Lawyers withdrawing ‘guilty pleas’ in disciplinary prosecutions at first instance and on appeal

BRJ v Council of the New South Wales Bar Association [2016] NSWSC 146 is the subject of this sister post about the permissible use of evidence of mental impairment.  Two aspects of it deserve their own separate post.  The respondent barrister changed her plea twice, once after the liability phase of the hearing but before the decision as to liability was given and once the night before the hearing of her appeal in the Supreme Court of NSW.  Each time, she was allowed to do so.

The disciplinary tribunal conducted a trial of the question of liability on the basis that the practitioner admitted the facts, admitted unsatisfactory professional conduct, but argued for the making of no disciplinary orders.  It was a plea, with a contest as to disposition, in other words.

When the Tribunal reconvened to deliver its reasons, the barrister respondent applied to adjourn and re-open her case. She wished to adduce evidence that at the relevant time she was not in control of her actions so that there should be no finding of unsatisfactory professional conduct.  She said poor legal advice of her previous lawyers explained the change of position. Effectively, she sought to withdraw her plea. Over the Bar Council’s objections, the Tribunal allowed her to do so (compare VCAT’s decision refusing a similar application, albeit after the making of an interlocutory finding that professional misconduct had been established, in Legal Services Commissioner v VB [2012] VCAT 1235).

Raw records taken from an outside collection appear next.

(* Let $P$ be the program NQUEENS. Then $S^0\subseteq\mathcal{M}_P$; that is, NQUEENS is complete with respect to $S^0$. Consequently NQUEENS is also complete with respect to $S^0_{pqs}$ (i.e. $S^0_{pqs}\subseteq\mathcal{M}_P$).
   Context: Terms are built over a fixed alphabet containing the constant $0$, the unary symbol $s$, the list constant $[\,]$ and the binary list constructor $[\cdot|\cdot]$; $\mathcal{HU}$ is the set of ground terms and $\mathcal{HB}$ the set of ground atoms. A natural number $i$ is identified with the term $s^i(0)$. Prolog list notation is used: $[e_1,\dots,e_n|e]$ stands for $e$ when $n=0$, and a list of length $n$ is a term $[e_1,\dots,e_n]$. A term $e$ is the $k$-th member of a term $t$ ($k\ge 1$) if $t=[e_1,\dots,e_{k-1},e|e']$ for some terms $e_1,\dots,e_{k-1},e'$; $e$ is a member of $t$ if it is its $k$-th member for some $k$. A list of distinct members is a list whose elements are pairwise distinct. The program NQUEENS consists of the definite clauses (capitalized names are variables): (C1) $pqs(0,X_1,X_2,X_3)$. (C2) $pqs(s(I),Cs,Us,[X|Ds]) \gets pqs(I,Cs,[Y|Us],Ds),\ pq(s(I),Cs,Us,Ds)$. (C3) $pq(I,[I|X_1],[I|X_2],[I|X_3])$. (C4) $pq(I,[X_1|Cs],[X_2|Us],[X_3|Ds]) \gets pq(I,Cs,Us,Ds)$. $\mathcal{M}_P$ denotes the least Herbrand model of a program $P$. If a number $j$ is the $k$-th member of a list $cs$, the up-diagonal number of $j$ w.r.t. $i$ in $cs$ is $k+j-i$ and the down-diagonal number is $k+i-j$. A triple $(cs,us,ds)$ of terms is correct up to $m$ w.r.t. $i$ when $0\le m\le i$ and: $cs$ is a list of distinct members and each $j\in\{1,\dots,m\}$ is a member of $cs$; the up-diagonal numbers of $1,\dots,m$ in $cs$ are pairwise distinct, and likewise the down-diagonal numbers; and for each $j\in\{1,\dots,m\}$, if the up-diagonal (resp. down-diagonal) number of $j$ w.r.t. $i$ in $cs$ is $l>0$, then the $l$-th member of $us$ (resp. $ds$) is $j$. Specifications: $S_{pq}=\{pq(i,[c_1,\dots,c_k,i|c],[u_1,\dots,u_k,i|u],[d_1,\dots,d_k,i|d])\in\mathcal{HB}\mid k\ge0\}$; $S^0_{pqs}=\{pqs(i,cs,us,[t|ds])\in\mathcal{HB}\mid i>0$ a natural number and $(cs,us,ds)$ is correct up to $i$ w.r.t. $i\}$; $S^0=S_{pq}\cup S^0_{pqs}\cup\{pqs(0,cs,us,ds)\mid cs,us,ds\in\mathcal{HU}\}$. *)

theory Defs
  imports Main
begin

datatype gterm = Zero | S gterm | Nil | Cons gterm gterm

datatype gatom = Pqs gterm gterm gterm gterm | Pq gterm gterm gterm gterm

definition num :: "nat \<Rightarrow> gterm" where
  "num i = (S ^^ i) Zero"

text \<open>Prolog list notation [e1,...,en|e].\<close>
fun lst :: "gterm list \<Rightarrow> gterm \<Rightarrow> gterm" where
  "lst [] e = e"
| "lst (x # xs) e = Cons x (lst xs e)"

definition kth_member :: "gterm \<Rightarrow> nat \<Rightarrow> gterm \<Rightarrow> bool" where
  "kth_member t k e \<longleftrightarrow> k \<ge> 1 \<and> (\<exists>es e'. length es = k - 1 \<and> t = lst es (Cons e e'))"

definition is_member :: "gterm \<Rightarrow> gterm \<Rightarrow> bool" where
  "is_member t e \<longleftrightarrow> (\<exists>k. kth_member t k e)"

definition distinct_list :: "gterm \<Rightarrow> bool" where
  "distinct_list t \<longleftrightarrow> (\<exists>es. t = lst es Nil \<and> distinct es)"

text \<open>The least Herbrand model is the least set of ground atoms closed under all
  ground instances of the clauses C1--C4.\<close>
inductive_set MP :: "gatom set" where
  C1: "Pqs Zero x1 x2 x3 \<in> MP"
| C2: "\<lbrakk> Pqs i cs (Cons y us) ds \<in> MP; Pq (S i) cs us ds \<in> MP \<rbrakk>
       \<Longrightarrow> Pqs (S i) cs us (Cons x ds) \<in> MP"
| C3: "Pq i (Cons i x1) (Cons i x2) (Cons i x3) \<in> MP"
| C4: "Pq i cs us ds \<in> MP \<Longrightarrow> Pq i (Cons x1 cs) (Cons x2 us) (Cons x3 ds) \<in> MP"

text \<open>(cs,us,ds) is correct up to m w.r.t. i.  Up-diagonal number of j (k-th member
  of cs) is k+j-i, down-diagonal number is k+i-j (integers).\<close>
definition correct_upto :: "gterm \<Rightarrow> gterm \<Rightarrow> gterm \<Rightarrow> nat \<Rightarrow> nat \<Rightarrow> bool" where
  "correct_upto cs us ds m i \<longleftrightarrow>
     m \<le> i \<and>
     distinct_list cs \<and>
     (\<forall>j\<in>{1..m}. is_member cs (num j)) \<and>
     (\<forall>j1\<in>{1..m}. \<forall>j2\<in>{1..m}. \<forall>k1 k2.
        j1 \<noteq> j2 \<and> kth_member cs k1 (num j1) \<and> kth_member cs k2 (num j2) \<longrightarrow>
          int k1 + int j1 - int i \<noteq> int k2 + int j2 - int i) \<and>
     (\<forall>j1\<in>{1..m}. \<forall>j2\<in>{1..m}. \<forall>k1 k2.
        j1 \<noteq> j2 \<and> kth_member cs k1 (num j1) \<and> kth_member cs k2 (num j2) \<longrightarrow>
          int k1 + int i - int j1 \<noteq> int k2 + int i - int j2) \<and>
     (\<forall>j\<in>{1..m}. \<forall>k. kth_member cs k (num j) \<longrightarrow>
        (int k + int j - int i > 0 \<longrightarrow> kth_member us (nat (int k + int j - int i)) (num j)) \<and>
        (int k + int i - int j > 0 \<longrightarrow> kth_member ds (nat (int k + int i - int j)) (num j)))"

definition S_pq :: "gatom set" where
  "S_pq = {Pq i (lst cs (Cons i c)) (lst us (Cons i u)) (lst ds (Cons i d)) | i cs us ds c u d.
             length cs = length us \<and> length us = length ds}"

definition S0_pqs :: "gatom set" where
  "S0_pqs = {Pqs (num i) cs us (Cons t ds) | i cs us ds t. i > 0 \<and> correct_upto cs us ds i i}"

definition S0 :: "gatom set" where
  "S0 = S_pq \<union> S0_pqs \<union> {Pqs Zero cs us ds | cs us ds. True}"

end

theory Submission
  imports Defs
begin

text \<open>The pq atoms hold because the clauses C3/C4 put a common element at the same
  position of three lists.  For pqs, induct on i: queen i sits in some column k, and
  both its diagonal numbers w.r.t. i equal k, which gives the pq premise of C2.
  Passing from i = n+1 to n raises every up-diagonal number by one and lowers every
  down-diagonal number by one, so the placement remains correct up to n for the lists
  y # us and tl ds, where y is the queen (if any) on up-diagonal 1 w.r.t. n.\<close>

lemma kth_member_pos: "kth_member t k e \<Longrightarrow> k \<ge> 1"
  unfolding kth_member_def by auto

lemma kth_member_Cons_1: "kth_member (Cons a t) (Suc 0) e \<longleftrightarrow> e = a"
  unfolding kth_member_def by auto

lemma kth_member_Cons_Suc:
  assumes "k \<ge> 1"
  shows "kth_member (Cons a t) (Suc k) e \<longleftrightarrow> kth_member t k e"
proof
  assume "kth_member (Cons a t) (Suc k) e"
  then obtain es e' where es: "length es = k" "Cons a t = lst es (Cons e e')"
    unfolding kth_member_def by auto
  with assms obtain es' where "es = a # es'" "t = lst es' (Cons e e')"
    by (cases es) auto
  with es assms show "kth_member t k e"
    unfolding kth_member_def by auto
next
  assume "kth_member t k e"
  then obtain es e' where "length es = k - 1" "t = lst es (Cons e e')"
    unfolding kth_member_def by auto
  with assms show "kth_member (Cons a t) (Suc k) e"
    unfolding kth_member_def by (intro conjI exI[of _ "a # es"] exI[of _ e']) auto
qed

lemma kth_member_imp_Cons: "kth_member t k e \<Longrightarrow> \<exists>a t'. t = Cons a t'"
  unfolding kth_member_def by (metis lst.elims)

lemma kth_member_lst: "length es = k \<Longrightarrow> kth_member (lst es (Cons e t)) (Suc k) e"
  unfolding kth_member_def by auto

lemma num_Suc: "num (Suc n) = S (num n)"
  unfolding num_def by simp

lemma Pq_in_MP_if_common_member:
  "kth_member cs k i \<Longrightarrow> kth_member us k i \<Longrightarrow> kth_member ds k i \<Longrightarrow> Pq i cs us ds \<in> MP"
proof (induction k arbitrary: cs us ds)
  case 0
  then show ?case using kth_member_pos by fastforce
next
  case (Suc k)
  obtain c cs' u us' d ds' where lists: "cs = Cons c cs'" "us = Cons u us'" "ds = Cons d ds'"
    using Suc.prems kth_member_imp_Cons by metis
  show ?case
  proof (cases "k = 0")
    case True
    then show ?thesis using Suc.prems lists kth_member_Cons_1 MP.C3 by auto
  next
    case False
    then have "kth_member cs' k i" "kth_member us' k i" "kth_member ds' k i"
      using Suc.prems lists kth_member_Cons_Suc by auto
    then show ?thesis using Suc.IH lists MP.C4 by auto
  qed
qed

lemma S_pq_subset_MP: "S_pq \<subseteq> MP"
  unfolding S_pq_def by (auto intro!: Pq_in_MP_if_common_member kth_member_lst)

lemma correct_upto_Pq:
  assumes "correct_upto cs us ds i i" and "0 < i"
  shows "Pq (num i) cs us ds \<in> MP"
proof -
  obtain k where k: "kth_member cs k (num i)"
    using assms unfolding correct_upto_def is_member_def by fastforce
  have "kth_member us k (num i)" "kth_member ds k (num i)"
    using assms k kth_member_pos[OF k] unfolding correct_upto_def
    by (auto dest!: bspec[of _ _ i] spec[of _ k])
  with k show ?thesis using Pq_in_MP_if_common_member by blast
qed

lemma correct_upto_lower:
  assumes "correct_upto cs us ds (Suc n) (Suc n)"
    and "\<forall>j\<in>{1..n}. \<forall>k. kth_member cs k (num j) \<longrightarrow> int k + int j - int n > 0 \<longrightarrow>
           kth_member us' (nat (int k + int j - int n)) (num j)"
    and "\<forall>j\<in>{1..n}. \<forall>k. kth_member cs k (num j) \<longrightarrow> int k + int n - int j > 0 \<longrightarrow>
           kth_member ds' (nat (int k + int n - int j)) (num j)"
  shows "correct_upto cs us' ds' n n"
  using assms unfolding correct_upto_def by (auto 0 3)

lemma correct_upto_up_diagonals_Cons:
  assumes "correct_upto cs us ds (Suc n) (Suc n)"
  obtains y where "\<forall>j\<in>{1..n}. \<forall>k. kth_member cs k (num j) \<longrightarrow> int k + int j - int n > 0 \<longrightarrow>
    kth_member (Cons y us) (nat (int k + int j - int n)) (num j)"
proof -
  define first_diag where "first_diag j \<longleftrightarrow> j \<in> {1..n} \<and> (\<exists>k. kth_member cs k (num j) \<and> k + j = Suc n)" for j
  have unique: "j' = j" if "first_diag j" "first_diag j'" for j j'
    using that assms unfolding first_diag_def correct_upto_def
    by (smt (verit, ccfv_SIG) atLeastAtMost_iff le_SucI of_nat_add)
  let ?y = "num (THE j. first_diag j)"
  have "kth_member (Cons ?y us) (nat (int k + int j - int n)) (num j)"
    if j: "j \<in> {1..n}" and k: "kth_member cs k (num j)" and pos: "int k + int j - int n > 0" for j k
  proof (cases "k + j = Suc n")
    case True
    then have "first_diag j" using j k unfolding first_diag_def by blast
    then have "?y = num j"
      by (metis the_equality unique)
    moreover have "nat (int k + int j - int n) = Suc 0" using True by linarith
    ultimately show ?thesis using kth_member_Cons_1 by simp
  next
    case False
    then have "kth_member us (nat (int k + int j - int (Suc n))) (num j)"
      using assms j k pos unfolding correct_upto_def by auto
    moreover have "nat (int k + int j - int n) = Suc (nat (int k + int j - int (Suc n)))"
      using False pos by auto
    ultimately show ?thesis using kth_member_Cons_Suc False pos by auto
  qed
  then show ?thesis using that by blast
qed

lemma correct_upto_down_diagonals_tl:
  assumes "correct_upto cs us ds (Suc n) (Suc n)" and "0 < n"
  obtains t ds' where "ds = Cons t ds'"
    and "\<forall>j\<in>{1..n}. \<forall>k. kth_member cs k (num j) \<longrightarrow> int k + int n - int j > 0 \<longrightarrow>
      kth_member ds' (nat (int k + int n - int j)) (num j)"
proof -
  obtain k where k: "kth_member cs k (num n)"
    using assms unfolding correct_upto_def is_member_def by fastforce
  then have "kth_member ds (nat (int k + 1)) (num n)"
    using assms kth_member_pos[OF k] unfolding correct_upto_def
    by (auto dest!: bspec[of _ _ n] spec[of _ k])
  then obtain t ds' where ds: "ds = Cons t ds'"
    using kth_member_imp_Cons by blast
  have "kth_member ds' (nat (int k + int n - int j)) (num j)"
    if j: "j \<in> {1..n}" and k: "kth_member cs k (num j)" and pos: "int k + int n - int j > 0" for j k
  proof -
    have "kth_member ds (nat (int k + int (Suc n) - int j)) (num j)"
      using assms j k pos unfolding correct_upto_def by auto
    moreover have "nat (int k + int (Suc n) - int j) = Suc (nat (int k + int n - int j))"
      using pos by auto
    ultimately show ?thesis using ds kth_member_Cons_Suc pos by auto
  qed
  with ds show ?thesis using that by blast
qed

lemma correct_upto_Pqs:
  "correct_upto cs us ds i i \<Longrightarrow> Pqs (num i) cs us (Cons t ds) \<in> MP"
proof (induction i arbitrary: cs us ds t)
  case 0
  then show ?case using MP.C1 by (simp add: num_def)
next
  case (Suc n)
  obtain y where up: "\<forall>j\<in>{1..n}. \<forall>k. kth_member cs k (num j) \<longrightarrow> int k + int j - int n > 0 \<longrightarrow>
    kth_member (Cons y us) (nat (int k + int j - int n)) (num j)"
    using correct_upto_up_diagonals_Cons[OF Suc.prems] .
  have "Pqs (num n) cs (Cons y us) ds \<in> MP"
  proof (cases "n = 0")
    case True
    then show ?thesis using MP.C1 by (simp add: num_def)
  next
    case False
    then obtain t' ds' where "ds = Cons t' ds'"
      and down: "\<forall>j\<in>{1..n}. \<forall>k. kth_member cs k (num j) \<longrightarrow> int k + int n - int j > 0 \<longrightarrow>
        kth_member ds' (nat (int k + int n - int j)) (num j)"
      using correct_upto_down_diagonals_tl[OF Suc.prems] by blast
    moreover have "correct_upto cs (Cons y us) ds' n n"
      using correct_upto_lower[OF Suc.prems up down] .
    ultimately show ?thesis using Suc.IH by blast
  qed
  moreover have "Pq (num (Suc n)) cs us ds \<in> MP"
    using correct_upto_Pq[OF Suc.prems] by simp
  ultimately show ?case using MP.C2 by (simp add: num_Suc)
qed

theorem mainTheorem5:
  shows "S0 \<subseteq> MP \<and> S0_pqs \<subseteq> MP"
proof -
  have "S0_pqs \<subseteq> MP"
    unfolding S0_pqs_def using correct_upto_Pqs by auto
  moreover have "{Pqs Zero cs us ds | cs us ds. True} \<subseteq> MP"
    using MP.C1 by auto
  ultimately show ?thesis
    unfolding S0_def using S_pq_subset_MP by blast
qed

end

The Bar Council prevailed in the contest of whether the conduct amounted to unsatisfactory professional conduct in the context of the relationship between the respondent’s illness and the admitted conduct.  The barrister appealed that decision.

The night before the appeal was heard, however, the barrister notified the Bar Council that she would argue the next day for the first time that the conduct she was charged with was not unsatisfactory professional conduct at all, even if the mitigating circumstances of her psychiatric illness were not brought into the equation.

The Supreme Court allowed the barrister to do so (see [48] – [53]), treating the question as one of a withdrawal of an admission as to a matter of law.  The rule that parties are bound on appeal by their conduct of the case at first instance does not apply in all its rigours when applied to the treatment of legal rather than factual concessions at first instance.  The Supreme Court  reasoned that her admission was evidence in the Tribunal hearing, it was conducting a rehearing (though not a hearing de novo), there was no cross-examination in the Tribunal, and it was as well placed as the Tribunal to determine the question which the Tribunal was required as a matter of law to determine even in the face of a plea, namely whether the admitted conduct satisfied the test for unsatisfactory professional conduct.